● **Data**
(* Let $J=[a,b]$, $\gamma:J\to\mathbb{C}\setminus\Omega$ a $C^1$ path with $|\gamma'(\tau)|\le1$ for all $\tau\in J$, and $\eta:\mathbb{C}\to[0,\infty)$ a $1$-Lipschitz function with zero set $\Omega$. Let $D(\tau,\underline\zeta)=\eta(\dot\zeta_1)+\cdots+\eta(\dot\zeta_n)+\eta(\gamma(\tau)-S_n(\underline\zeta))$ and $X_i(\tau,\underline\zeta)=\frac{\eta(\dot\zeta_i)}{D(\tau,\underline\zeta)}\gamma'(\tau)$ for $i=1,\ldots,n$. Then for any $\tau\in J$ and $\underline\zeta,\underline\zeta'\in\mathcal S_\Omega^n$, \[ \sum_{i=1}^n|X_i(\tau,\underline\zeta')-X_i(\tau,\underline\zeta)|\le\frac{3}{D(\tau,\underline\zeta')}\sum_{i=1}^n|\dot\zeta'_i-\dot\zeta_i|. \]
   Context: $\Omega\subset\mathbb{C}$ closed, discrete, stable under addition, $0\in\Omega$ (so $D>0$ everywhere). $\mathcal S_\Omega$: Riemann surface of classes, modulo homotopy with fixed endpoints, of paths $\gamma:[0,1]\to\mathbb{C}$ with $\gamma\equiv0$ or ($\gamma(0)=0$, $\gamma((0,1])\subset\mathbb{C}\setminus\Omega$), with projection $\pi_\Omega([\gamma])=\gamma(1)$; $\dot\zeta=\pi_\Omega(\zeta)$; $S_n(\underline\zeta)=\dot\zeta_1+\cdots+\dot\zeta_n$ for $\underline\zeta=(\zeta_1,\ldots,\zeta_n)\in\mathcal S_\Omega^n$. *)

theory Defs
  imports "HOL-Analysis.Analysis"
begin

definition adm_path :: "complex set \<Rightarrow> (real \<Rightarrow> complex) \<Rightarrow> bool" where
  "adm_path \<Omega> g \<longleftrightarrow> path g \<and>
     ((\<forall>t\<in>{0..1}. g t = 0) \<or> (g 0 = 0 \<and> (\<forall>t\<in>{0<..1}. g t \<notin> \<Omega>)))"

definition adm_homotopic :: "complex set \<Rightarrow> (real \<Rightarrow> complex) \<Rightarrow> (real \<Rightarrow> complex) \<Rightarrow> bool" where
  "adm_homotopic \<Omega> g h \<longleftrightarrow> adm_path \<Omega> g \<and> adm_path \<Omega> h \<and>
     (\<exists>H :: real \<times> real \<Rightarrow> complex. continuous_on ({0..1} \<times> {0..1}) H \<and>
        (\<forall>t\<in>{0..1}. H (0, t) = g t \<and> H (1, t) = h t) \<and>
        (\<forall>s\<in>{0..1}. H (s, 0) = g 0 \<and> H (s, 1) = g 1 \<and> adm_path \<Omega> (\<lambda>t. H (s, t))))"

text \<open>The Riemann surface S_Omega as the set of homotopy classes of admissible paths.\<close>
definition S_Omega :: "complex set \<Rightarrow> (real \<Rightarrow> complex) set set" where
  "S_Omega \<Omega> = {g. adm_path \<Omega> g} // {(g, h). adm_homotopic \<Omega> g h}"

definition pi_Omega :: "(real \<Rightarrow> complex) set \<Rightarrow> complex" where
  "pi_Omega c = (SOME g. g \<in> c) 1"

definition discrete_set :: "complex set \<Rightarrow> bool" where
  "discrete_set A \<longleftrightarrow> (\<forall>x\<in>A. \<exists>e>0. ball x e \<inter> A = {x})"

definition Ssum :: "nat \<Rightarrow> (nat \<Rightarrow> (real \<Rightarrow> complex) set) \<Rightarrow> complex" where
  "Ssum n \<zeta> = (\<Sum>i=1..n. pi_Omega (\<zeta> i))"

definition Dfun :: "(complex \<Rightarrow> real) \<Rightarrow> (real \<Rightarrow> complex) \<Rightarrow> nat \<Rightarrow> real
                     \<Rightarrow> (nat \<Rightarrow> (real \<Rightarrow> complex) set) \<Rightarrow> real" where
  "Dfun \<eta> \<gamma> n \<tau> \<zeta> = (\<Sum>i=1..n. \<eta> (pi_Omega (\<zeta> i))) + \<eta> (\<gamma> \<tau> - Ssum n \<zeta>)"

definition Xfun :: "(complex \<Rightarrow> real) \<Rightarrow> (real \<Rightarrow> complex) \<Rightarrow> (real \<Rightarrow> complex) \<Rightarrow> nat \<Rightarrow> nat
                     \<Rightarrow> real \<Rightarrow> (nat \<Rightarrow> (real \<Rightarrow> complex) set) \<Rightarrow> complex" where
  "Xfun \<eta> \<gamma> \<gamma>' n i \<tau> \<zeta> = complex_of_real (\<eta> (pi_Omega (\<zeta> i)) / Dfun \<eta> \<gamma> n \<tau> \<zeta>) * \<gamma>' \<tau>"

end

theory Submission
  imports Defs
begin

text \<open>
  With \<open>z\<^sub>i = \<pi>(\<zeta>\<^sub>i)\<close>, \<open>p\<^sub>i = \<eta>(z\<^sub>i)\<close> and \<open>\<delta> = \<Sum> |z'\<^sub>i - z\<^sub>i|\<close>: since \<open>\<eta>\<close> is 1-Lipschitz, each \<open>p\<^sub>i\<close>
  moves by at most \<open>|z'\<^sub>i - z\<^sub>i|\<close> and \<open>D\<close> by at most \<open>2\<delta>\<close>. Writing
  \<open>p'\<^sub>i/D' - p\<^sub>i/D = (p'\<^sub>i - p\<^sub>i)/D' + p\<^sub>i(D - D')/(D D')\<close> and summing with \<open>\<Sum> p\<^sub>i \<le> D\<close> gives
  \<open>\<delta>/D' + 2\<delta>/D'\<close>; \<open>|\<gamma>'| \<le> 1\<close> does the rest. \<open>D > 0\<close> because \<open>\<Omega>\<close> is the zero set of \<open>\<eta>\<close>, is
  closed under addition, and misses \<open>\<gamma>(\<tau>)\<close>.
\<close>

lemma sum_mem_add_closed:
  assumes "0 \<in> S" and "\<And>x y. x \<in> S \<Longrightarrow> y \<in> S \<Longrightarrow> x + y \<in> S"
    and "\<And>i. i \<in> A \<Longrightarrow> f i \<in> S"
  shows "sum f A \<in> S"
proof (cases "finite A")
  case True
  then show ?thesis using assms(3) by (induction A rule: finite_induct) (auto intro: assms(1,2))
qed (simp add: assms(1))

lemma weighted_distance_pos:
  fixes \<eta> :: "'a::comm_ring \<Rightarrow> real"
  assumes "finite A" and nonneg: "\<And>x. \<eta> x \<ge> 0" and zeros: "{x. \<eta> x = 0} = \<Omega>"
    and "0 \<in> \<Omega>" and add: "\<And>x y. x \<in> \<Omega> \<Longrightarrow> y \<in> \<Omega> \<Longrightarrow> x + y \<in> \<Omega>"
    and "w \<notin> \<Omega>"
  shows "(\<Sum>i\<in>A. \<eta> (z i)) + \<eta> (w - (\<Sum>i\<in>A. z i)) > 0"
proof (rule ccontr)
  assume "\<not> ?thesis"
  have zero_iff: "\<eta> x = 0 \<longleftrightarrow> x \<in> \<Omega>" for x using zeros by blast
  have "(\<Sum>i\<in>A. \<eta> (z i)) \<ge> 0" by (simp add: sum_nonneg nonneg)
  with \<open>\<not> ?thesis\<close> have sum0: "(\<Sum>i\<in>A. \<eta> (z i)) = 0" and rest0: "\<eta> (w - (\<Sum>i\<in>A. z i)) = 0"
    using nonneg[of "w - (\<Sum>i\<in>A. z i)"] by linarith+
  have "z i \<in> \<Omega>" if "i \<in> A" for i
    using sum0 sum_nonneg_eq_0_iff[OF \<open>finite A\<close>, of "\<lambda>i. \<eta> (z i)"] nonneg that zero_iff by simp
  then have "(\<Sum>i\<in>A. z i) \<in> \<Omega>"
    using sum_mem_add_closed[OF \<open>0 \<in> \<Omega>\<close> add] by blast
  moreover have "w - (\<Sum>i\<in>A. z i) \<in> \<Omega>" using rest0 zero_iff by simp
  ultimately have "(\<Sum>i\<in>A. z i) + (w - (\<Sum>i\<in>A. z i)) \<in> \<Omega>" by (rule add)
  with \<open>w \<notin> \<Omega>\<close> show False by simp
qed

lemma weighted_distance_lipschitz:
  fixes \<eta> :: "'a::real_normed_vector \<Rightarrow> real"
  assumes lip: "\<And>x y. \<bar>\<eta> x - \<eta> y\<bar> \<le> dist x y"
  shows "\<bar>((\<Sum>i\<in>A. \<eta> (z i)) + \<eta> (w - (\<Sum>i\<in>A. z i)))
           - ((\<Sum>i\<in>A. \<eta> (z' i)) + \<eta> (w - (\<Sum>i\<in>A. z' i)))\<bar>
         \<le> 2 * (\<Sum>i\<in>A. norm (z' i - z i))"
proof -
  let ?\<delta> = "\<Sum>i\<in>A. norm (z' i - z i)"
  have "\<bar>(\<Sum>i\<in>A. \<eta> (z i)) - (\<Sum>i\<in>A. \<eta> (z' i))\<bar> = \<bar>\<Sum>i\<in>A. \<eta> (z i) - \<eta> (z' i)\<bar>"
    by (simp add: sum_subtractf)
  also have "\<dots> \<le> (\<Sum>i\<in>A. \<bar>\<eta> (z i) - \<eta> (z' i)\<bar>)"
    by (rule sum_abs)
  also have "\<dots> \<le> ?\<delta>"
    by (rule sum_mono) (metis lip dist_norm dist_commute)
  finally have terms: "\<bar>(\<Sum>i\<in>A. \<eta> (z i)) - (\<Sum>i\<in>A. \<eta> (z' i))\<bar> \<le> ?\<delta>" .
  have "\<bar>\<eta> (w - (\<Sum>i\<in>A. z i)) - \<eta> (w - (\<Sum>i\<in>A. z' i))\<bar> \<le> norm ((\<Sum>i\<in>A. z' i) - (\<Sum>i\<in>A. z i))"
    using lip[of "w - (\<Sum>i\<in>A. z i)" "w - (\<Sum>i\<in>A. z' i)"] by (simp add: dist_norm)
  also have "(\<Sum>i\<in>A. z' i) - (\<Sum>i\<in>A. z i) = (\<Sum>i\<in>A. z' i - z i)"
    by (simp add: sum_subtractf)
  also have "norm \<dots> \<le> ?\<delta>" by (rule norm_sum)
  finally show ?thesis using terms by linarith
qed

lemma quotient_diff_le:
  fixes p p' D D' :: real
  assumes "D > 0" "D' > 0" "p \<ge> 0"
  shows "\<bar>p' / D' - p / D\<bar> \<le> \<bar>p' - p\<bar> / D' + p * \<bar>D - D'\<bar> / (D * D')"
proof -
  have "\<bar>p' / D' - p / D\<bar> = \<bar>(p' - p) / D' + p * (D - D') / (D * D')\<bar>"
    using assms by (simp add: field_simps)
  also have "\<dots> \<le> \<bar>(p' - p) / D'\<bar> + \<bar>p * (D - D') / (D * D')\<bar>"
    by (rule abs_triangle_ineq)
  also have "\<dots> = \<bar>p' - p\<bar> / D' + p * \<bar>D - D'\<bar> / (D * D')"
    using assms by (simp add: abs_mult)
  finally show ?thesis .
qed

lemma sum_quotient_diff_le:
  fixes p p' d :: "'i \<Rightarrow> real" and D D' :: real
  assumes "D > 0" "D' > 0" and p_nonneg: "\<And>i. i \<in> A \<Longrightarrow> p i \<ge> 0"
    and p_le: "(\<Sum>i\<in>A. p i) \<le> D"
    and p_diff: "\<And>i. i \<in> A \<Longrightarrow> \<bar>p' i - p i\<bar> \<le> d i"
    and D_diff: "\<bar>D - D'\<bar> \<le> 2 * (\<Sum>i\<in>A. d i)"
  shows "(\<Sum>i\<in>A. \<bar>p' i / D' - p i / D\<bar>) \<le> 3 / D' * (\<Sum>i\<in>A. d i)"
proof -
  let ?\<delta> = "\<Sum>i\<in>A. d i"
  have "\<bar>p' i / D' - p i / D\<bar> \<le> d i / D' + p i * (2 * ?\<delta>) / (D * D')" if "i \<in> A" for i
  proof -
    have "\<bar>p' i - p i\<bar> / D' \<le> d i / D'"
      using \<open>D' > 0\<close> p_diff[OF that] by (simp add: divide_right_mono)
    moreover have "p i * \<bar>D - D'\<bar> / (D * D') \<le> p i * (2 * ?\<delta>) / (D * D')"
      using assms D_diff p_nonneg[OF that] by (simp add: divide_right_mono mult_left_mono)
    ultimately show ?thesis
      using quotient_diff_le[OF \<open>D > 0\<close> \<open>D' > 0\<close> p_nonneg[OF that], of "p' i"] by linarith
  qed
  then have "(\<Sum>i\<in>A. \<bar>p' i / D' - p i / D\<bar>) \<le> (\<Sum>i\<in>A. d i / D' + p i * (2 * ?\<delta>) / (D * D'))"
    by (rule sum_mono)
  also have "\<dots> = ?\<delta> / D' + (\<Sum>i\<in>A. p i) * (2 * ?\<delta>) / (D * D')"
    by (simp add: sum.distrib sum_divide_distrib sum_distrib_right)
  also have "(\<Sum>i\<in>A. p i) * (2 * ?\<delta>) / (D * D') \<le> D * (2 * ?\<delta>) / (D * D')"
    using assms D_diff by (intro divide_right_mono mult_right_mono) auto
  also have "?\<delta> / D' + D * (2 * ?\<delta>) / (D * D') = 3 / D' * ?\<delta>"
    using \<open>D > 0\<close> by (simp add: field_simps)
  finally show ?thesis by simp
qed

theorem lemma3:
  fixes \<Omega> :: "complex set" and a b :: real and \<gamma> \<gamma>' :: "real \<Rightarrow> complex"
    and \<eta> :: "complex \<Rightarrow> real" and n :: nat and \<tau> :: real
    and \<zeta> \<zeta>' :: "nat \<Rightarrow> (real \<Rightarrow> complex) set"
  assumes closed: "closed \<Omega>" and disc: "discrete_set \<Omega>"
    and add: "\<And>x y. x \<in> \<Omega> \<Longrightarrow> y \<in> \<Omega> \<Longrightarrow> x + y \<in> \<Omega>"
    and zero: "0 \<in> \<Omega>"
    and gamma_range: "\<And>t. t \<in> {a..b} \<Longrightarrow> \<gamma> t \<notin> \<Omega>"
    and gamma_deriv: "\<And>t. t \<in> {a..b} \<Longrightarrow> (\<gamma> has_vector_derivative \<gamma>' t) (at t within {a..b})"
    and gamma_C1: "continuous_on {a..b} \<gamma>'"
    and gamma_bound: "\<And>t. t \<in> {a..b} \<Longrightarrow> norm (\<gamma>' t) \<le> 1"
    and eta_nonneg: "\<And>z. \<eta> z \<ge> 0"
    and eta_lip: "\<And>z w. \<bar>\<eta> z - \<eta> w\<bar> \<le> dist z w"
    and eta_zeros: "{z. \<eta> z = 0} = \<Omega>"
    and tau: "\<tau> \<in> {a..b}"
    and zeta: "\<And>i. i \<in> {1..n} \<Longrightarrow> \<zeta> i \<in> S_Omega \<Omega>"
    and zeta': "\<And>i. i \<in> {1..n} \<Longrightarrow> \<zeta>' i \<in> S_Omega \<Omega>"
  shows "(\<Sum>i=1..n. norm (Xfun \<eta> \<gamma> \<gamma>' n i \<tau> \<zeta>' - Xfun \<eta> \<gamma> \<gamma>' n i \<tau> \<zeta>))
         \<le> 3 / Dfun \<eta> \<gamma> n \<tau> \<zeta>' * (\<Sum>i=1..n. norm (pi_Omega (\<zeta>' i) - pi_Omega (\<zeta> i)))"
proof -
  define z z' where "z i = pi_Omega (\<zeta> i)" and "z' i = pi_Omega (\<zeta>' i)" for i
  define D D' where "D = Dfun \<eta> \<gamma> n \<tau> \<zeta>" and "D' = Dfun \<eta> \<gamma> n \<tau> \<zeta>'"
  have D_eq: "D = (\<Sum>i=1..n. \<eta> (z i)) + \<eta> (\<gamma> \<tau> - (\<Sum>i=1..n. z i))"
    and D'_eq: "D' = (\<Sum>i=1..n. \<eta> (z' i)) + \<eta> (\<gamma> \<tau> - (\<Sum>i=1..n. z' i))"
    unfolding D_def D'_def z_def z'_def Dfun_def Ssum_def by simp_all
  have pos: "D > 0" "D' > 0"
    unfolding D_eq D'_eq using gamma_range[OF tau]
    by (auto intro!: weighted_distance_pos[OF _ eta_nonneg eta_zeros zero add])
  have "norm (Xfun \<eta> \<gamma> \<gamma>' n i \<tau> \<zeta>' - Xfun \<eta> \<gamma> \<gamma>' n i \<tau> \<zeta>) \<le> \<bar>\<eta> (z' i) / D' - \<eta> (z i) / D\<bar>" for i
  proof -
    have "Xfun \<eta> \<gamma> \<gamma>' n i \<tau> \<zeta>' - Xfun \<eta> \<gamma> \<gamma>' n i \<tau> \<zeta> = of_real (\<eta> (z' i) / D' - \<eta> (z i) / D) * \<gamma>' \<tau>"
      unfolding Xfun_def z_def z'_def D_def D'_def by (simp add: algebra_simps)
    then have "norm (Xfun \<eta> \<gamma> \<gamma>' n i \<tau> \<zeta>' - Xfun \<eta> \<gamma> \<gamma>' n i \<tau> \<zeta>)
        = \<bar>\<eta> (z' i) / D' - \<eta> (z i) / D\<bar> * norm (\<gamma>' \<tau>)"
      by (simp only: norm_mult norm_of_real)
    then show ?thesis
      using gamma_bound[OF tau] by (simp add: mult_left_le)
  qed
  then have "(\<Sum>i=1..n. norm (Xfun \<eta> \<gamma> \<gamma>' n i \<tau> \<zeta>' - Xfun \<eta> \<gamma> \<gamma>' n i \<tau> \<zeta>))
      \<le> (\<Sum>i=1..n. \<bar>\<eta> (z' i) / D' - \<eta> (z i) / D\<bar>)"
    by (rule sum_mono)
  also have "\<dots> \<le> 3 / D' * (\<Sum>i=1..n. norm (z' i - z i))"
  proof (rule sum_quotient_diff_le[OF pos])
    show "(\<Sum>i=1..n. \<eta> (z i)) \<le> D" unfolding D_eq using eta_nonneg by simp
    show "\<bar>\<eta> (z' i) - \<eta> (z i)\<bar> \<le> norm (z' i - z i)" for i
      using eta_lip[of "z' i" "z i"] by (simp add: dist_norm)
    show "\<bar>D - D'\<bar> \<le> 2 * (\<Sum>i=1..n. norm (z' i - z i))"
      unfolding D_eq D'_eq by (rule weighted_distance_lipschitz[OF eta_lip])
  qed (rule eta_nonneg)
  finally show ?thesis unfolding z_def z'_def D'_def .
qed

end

● **The task**
Identify the lines of the data that contain the word "auto". Copy each of them.

● **Answer to this exercise**
  then show ?thesis using assms(3) by (induction A rule: finite_induct) (auto intro: assms(1,2))
    using assms D_diff by (intro divide_right_mono mult_right_mono) auto
    by (auto intro!: weighted_distance_pos[OF _ eta_nonneg eta_zeros zero add])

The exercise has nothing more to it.